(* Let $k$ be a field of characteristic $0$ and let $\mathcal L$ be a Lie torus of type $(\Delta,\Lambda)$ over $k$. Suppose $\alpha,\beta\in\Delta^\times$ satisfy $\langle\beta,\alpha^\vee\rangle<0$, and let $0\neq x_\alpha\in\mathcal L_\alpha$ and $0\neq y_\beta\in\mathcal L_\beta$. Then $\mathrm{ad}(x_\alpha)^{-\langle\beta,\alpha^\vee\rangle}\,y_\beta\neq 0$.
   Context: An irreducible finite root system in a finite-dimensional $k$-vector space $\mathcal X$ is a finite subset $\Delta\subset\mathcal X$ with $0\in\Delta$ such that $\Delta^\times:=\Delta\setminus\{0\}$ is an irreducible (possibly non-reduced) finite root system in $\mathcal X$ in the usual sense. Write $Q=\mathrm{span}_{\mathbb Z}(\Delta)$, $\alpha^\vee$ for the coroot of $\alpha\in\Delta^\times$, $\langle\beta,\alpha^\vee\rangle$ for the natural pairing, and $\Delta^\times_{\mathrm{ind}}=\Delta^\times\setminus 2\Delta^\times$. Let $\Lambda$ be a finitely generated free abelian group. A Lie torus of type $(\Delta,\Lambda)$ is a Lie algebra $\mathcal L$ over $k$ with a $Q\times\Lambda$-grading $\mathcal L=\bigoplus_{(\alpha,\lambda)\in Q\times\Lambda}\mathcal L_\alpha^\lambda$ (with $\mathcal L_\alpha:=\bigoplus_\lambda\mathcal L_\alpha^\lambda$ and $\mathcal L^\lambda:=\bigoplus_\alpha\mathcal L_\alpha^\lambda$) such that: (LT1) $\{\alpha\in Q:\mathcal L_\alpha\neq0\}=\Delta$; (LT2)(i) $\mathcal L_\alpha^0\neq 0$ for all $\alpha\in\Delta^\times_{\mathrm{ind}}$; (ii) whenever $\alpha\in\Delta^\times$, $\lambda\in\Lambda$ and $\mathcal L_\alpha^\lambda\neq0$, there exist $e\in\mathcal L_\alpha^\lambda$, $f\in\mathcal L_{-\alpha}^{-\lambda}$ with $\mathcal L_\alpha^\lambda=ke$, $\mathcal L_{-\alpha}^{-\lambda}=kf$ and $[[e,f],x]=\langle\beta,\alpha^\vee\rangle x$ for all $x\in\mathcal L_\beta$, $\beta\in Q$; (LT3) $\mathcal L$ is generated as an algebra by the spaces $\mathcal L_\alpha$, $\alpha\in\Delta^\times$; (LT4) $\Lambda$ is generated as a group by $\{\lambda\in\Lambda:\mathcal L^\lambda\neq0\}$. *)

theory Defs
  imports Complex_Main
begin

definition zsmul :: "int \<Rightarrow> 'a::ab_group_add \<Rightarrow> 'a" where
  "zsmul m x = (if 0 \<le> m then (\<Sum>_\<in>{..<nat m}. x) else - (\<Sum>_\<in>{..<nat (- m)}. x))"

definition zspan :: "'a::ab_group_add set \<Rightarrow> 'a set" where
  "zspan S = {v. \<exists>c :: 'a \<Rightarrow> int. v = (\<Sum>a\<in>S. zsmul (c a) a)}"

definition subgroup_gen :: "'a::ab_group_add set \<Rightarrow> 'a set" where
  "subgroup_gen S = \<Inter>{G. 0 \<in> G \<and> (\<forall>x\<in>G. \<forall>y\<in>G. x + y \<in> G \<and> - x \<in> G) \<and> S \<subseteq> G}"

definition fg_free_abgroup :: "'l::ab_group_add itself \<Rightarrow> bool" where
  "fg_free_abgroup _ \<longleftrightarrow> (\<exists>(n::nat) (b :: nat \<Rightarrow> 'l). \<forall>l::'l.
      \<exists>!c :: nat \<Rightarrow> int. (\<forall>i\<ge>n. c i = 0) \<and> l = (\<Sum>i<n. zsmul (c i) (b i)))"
...
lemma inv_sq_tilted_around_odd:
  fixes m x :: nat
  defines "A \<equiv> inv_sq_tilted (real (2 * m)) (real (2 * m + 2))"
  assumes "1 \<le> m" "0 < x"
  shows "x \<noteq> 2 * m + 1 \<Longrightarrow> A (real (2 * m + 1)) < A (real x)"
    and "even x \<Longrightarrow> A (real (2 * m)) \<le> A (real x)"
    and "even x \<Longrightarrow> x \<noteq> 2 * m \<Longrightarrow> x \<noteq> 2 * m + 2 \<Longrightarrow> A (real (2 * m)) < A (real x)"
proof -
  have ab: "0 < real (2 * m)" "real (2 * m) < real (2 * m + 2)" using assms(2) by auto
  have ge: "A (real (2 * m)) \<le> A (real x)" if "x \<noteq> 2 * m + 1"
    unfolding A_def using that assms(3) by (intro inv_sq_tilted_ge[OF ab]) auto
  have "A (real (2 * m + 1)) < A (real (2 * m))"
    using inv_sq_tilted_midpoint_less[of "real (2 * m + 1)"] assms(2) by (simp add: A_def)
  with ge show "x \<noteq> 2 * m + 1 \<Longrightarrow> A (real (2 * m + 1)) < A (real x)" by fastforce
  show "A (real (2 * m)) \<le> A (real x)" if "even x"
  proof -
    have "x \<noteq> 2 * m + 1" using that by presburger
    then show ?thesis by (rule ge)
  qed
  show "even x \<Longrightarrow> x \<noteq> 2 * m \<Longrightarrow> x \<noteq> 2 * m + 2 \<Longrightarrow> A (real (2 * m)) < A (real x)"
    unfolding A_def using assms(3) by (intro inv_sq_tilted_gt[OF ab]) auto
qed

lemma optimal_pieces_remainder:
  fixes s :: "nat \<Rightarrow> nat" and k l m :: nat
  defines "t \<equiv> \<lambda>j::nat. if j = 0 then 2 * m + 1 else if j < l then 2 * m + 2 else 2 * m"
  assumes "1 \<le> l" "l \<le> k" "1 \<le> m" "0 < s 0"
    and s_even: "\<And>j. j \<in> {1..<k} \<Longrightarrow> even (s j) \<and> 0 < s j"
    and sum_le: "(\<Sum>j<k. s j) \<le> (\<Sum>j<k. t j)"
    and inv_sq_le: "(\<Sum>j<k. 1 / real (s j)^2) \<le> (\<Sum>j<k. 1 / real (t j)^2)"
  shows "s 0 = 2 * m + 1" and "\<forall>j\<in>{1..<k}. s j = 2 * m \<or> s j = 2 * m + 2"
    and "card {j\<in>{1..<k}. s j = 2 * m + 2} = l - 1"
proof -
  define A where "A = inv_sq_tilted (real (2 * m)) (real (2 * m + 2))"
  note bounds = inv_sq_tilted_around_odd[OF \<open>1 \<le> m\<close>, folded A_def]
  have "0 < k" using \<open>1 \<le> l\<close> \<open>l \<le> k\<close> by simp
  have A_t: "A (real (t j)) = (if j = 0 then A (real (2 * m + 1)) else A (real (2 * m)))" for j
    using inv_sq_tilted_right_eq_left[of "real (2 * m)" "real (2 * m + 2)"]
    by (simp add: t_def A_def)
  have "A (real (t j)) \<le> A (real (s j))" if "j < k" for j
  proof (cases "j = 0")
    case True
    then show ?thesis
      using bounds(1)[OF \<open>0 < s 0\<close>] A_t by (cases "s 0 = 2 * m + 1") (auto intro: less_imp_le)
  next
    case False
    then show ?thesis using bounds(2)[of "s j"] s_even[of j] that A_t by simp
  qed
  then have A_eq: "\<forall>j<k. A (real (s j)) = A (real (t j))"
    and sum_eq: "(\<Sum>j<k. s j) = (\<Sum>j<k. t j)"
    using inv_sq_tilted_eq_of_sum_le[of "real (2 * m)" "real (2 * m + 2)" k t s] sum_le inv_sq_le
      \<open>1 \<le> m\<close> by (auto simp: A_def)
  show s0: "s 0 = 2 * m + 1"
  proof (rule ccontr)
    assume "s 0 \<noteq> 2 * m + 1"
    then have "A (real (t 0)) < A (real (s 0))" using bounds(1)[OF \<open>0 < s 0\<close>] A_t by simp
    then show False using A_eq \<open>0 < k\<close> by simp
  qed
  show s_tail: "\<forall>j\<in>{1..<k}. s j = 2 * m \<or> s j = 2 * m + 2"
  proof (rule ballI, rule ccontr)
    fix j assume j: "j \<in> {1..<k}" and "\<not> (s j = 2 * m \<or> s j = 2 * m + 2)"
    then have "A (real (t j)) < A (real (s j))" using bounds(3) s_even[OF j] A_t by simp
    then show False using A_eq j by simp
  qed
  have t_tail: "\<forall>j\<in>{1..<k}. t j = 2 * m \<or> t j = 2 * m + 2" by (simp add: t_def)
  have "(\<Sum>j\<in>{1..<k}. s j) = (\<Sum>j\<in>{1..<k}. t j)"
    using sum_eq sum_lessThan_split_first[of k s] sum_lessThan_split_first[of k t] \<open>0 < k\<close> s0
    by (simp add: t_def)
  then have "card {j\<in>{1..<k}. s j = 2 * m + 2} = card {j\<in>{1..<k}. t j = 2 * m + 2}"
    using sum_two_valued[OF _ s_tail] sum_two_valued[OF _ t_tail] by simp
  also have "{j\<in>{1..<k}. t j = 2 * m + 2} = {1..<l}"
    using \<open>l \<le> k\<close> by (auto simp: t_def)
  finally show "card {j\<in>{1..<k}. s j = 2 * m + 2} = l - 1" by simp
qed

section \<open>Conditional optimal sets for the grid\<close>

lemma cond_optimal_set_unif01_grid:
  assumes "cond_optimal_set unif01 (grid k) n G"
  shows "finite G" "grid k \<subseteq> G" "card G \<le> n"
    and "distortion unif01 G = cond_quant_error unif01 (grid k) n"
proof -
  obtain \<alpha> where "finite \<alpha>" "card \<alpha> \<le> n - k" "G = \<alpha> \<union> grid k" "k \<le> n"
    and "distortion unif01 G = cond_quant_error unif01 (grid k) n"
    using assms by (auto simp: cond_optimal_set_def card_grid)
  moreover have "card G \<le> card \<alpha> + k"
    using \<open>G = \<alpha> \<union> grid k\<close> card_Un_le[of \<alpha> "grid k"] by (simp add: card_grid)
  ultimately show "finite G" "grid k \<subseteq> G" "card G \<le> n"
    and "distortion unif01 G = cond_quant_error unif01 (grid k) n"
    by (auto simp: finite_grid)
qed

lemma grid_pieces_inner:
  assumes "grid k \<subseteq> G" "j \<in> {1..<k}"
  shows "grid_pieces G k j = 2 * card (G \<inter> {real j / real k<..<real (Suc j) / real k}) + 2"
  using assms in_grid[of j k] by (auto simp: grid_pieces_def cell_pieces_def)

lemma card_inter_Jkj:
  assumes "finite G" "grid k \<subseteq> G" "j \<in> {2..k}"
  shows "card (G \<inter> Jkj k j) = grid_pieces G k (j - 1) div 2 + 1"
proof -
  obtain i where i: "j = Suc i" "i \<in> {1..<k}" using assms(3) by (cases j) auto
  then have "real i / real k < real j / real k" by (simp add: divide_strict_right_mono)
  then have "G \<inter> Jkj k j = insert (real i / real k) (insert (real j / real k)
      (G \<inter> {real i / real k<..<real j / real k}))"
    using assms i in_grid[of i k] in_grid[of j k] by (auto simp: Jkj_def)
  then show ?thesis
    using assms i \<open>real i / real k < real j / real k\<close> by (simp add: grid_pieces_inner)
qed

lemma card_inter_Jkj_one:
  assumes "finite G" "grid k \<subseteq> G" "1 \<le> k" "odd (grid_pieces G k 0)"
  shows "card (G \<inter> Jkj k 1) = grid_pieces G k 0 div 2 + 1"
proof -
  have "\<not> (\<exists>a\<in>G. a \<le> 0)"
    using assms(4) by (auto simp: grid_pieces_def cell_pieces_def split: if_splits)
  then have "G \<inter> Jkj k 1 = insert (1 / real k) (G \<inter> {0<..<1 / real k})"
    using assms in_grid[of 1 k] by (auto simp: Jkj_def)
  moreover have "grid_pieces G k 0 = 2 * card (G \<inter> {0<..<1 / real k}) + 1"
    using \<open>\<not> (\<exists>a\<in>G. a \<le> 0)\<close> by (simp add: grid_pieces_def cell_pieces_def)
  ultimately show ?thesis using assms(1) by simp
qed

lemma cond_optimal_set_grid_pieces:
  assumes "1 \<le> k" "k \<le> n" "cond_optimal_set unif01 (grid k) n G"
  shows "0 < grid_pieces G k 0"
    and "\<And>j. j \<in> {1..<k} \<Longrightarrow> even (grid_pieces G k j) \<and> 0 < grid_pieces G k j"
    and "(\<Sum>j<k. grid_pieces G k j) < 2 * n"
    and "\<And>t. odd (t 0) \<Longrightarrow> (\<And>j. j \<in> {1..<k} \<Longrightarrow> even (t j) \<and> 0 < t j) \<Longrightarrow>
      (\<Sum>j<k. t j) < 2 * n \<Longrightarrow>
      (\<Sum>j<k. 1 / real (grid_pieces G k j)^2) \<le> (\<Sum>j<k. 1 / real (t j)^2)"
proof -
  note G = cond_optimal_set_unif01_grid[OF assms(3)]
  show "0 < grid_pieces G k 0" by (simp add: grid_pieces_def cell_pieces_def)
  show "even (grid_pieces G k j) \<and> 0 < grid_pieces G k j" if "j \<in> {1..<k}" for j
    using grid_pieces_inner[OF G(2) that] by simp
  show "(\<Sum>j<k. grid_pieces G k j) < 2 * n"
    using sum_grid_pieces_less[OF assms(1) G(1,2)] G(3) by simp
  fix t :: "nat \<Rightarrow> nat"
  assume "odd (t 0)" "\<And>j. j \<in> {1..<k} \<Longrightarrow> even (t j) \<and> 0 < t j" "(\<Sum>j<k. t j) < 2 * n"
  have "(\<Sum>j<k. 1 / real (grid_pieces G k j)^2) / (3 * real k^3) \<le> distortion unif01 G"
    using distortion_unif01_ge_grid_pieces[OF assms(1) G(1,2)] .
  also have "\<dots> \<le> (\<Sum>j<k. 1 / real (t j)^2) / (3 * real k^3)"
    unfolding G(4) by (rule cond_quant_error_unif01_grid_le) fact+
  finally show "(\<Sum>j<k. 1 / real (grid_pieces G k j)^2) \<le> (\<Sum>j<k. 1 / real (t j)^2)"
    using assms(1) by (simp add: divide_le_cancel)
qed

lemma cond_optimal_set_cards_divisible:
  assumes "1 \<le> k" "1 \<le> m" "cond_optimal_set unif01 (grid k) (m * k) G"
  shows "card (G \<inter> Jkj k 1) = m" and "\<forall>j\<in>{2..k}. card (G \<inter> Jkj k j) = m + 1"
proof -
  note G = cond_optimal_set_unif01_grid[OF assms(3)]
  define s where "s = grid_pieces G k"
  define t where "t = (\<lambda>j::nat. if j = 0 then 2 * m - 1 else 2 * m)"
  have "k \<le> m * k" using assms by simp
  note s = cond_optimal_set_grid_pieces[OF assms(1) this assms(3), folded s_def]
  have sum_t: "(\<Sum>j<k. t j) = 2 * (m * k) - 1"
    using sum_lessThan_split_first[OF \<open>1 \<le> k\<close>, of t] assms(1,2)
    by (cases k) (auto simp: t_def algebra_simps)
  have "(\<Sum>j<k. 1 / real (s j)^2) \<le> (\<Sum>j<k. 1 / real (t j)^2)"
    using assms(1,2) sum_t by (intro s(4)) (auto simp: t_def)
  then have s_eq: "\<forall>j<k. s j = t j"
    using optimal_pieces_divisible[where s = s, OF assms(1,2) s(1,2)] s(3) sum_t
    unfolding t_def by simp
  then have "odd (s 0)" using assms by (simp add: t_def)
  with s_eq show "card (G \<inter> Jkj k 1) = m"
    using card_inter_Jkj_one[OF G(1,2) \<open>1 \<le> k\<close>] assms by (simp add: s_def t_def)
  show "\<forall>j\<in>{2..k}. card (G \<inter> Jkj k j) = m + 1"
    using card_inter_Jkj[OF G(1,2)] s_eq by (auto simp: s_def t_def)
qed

- EXERCISE BRIEF
Copy each line holding the word "ccontr" from the listing above.

- REPLY
  proof (rule ccontr)
  proof (rule ballI, rule ccontr)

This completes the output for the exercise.